**Record excerpts**
Start of Block

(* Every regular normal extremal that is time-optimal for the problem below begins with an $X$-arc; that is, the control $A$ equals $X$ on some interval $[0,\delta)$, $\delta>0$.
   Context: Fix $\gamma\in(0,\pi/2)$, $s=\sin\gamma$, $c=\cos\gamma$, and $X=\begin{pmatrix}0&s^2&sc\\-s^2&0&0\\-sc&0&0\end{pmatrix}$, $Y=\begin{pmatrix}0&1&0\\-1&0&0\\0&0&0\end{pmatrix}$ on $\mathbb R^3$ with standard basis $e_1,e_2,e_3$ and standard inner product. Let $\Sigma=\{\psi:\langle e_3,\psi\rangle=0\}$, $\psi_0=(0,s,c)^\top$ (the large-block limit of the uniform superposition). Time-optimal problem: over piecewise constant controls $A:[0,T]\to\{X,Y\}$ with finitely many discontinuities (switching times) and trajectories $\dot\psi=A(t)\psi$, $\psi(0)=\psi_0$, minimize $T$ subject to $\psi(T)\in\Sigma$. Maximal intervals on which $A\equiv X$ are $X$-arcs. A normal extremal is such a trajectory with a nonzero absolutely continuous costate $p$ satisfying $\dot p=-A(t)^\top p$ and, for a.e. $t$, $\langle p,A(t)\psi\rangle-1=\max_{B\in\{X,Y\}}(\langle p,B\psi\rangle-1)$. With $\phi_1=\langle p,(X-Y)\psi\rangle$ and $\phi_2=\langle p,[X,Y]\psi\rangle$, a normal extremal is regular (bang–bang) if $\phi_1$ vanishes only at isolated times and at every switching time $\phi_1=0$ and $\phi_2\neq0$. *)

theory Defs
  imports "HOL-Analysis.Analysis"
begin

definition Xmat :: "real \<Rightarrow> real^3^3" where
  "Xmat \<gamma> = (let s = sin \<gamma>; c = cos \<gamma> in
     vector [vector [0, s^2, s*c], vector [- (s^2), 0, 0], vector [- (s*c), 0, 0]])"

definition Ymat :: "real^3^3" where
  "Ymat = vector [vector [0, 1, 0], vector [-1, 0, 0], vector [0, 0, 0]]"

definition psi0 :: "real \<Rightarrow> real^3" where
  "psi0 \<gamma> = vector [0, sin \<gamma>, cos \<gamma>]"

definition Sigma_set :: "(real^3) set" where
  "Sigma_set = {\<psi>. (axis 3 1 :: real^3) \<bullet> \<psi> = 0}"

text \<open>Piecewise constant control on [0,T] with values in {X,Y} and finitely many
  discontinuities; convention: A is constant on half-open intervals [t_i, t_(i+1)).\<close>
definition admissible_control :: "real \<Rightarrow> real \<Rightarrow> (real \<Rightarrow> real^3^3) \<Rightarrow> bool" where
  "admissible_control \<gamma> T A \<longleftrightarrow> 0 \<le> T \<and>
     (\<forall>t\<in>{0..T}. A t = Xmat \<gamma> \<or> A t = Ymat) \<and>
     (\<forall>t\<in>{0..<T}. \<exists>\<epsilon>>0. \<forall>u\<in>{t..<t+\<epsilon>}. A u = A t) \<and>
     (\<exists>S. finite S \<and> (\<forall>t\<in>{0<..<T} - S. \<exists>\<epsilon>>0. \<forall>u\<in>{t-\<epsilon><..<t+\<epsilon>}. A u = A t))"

End of Block
Start of Block

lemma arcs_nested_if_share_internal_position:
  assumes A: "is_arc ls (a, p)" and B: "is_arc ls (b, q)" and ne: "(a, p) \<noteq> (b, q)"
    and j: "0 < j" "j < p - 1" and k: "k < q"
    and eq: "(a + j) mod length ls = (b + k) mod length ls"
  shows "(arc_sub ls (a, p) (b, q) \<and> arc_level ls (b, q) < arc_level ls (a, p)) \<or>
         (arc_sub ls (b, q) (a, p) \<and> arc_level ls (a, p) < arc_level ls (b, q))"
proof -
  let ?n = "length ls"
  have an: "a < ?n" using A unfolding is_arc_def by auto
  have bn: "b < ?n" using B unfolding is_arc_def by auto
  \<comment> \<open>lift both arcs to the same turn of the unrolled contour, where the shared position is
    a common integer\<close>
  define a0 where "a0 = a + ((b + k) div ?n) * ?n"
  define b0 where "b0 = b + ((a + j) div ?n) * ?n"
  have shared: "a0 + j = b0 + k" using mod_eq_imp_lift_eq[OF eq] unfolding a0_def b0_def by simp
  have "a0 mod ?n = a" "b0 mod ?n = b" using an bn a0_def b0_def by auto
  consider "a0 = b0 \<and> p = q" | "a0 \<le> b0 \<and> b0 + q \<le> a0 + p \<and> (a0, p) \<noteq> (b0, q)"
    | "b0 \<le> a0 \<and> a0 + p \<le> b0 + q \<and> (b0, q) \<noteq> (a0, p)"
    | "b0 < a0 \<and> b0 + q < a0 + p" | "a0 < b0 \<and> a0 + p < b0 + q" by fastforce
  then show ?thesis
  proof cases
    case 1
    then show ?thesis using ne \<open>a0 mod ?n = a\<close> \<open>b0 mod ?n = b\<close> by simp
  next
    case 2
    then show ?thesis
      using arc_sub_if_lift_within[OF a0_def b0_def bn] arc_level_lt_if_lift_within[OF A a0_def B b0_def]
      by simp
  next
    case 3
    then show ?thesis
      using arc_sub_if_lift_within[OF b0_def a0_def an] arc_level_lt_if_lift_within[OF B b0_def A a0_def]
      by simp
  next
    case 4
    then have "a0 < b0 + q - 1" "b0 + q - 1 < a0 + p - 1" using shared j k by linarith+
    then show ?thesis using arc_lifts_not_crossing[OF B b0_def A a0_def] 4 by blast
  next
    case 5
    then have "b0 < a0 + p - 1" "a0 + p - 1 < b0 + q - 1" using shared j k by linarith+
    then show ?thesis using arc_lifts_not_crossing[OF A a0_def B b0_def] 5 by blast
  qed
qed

End of Block

**What the exercise asks**
Scan the lines above for "ls (a, p)) \<or>" and for "define a0 where". Repeat exactly the line holding each of them and every line in between.

**Finished exercise**
  shows "(arc_sub ls (a, p) (b, q) \<and> arc_level ls (b, q) < arc_level ls (a, p)) \<or>
         (arc_sub ls (b, q) (a, p) \<and> arc_level ls (a, p) < arc_level ls (b, q))"
proof -
  let ?n = "length ls"
  have an: "a < ?n" using A unfolding is_arc_def by auto
  have bn: "b < ?n" using B unfolding is_arc_def by auto
  \<comment> \<open>lift both arcs to the same turn of the unrolled contour, where the shared position is
    a common integer\<close>
  define a0 where "a0 = a + ((b + k) div ?n) * ?n"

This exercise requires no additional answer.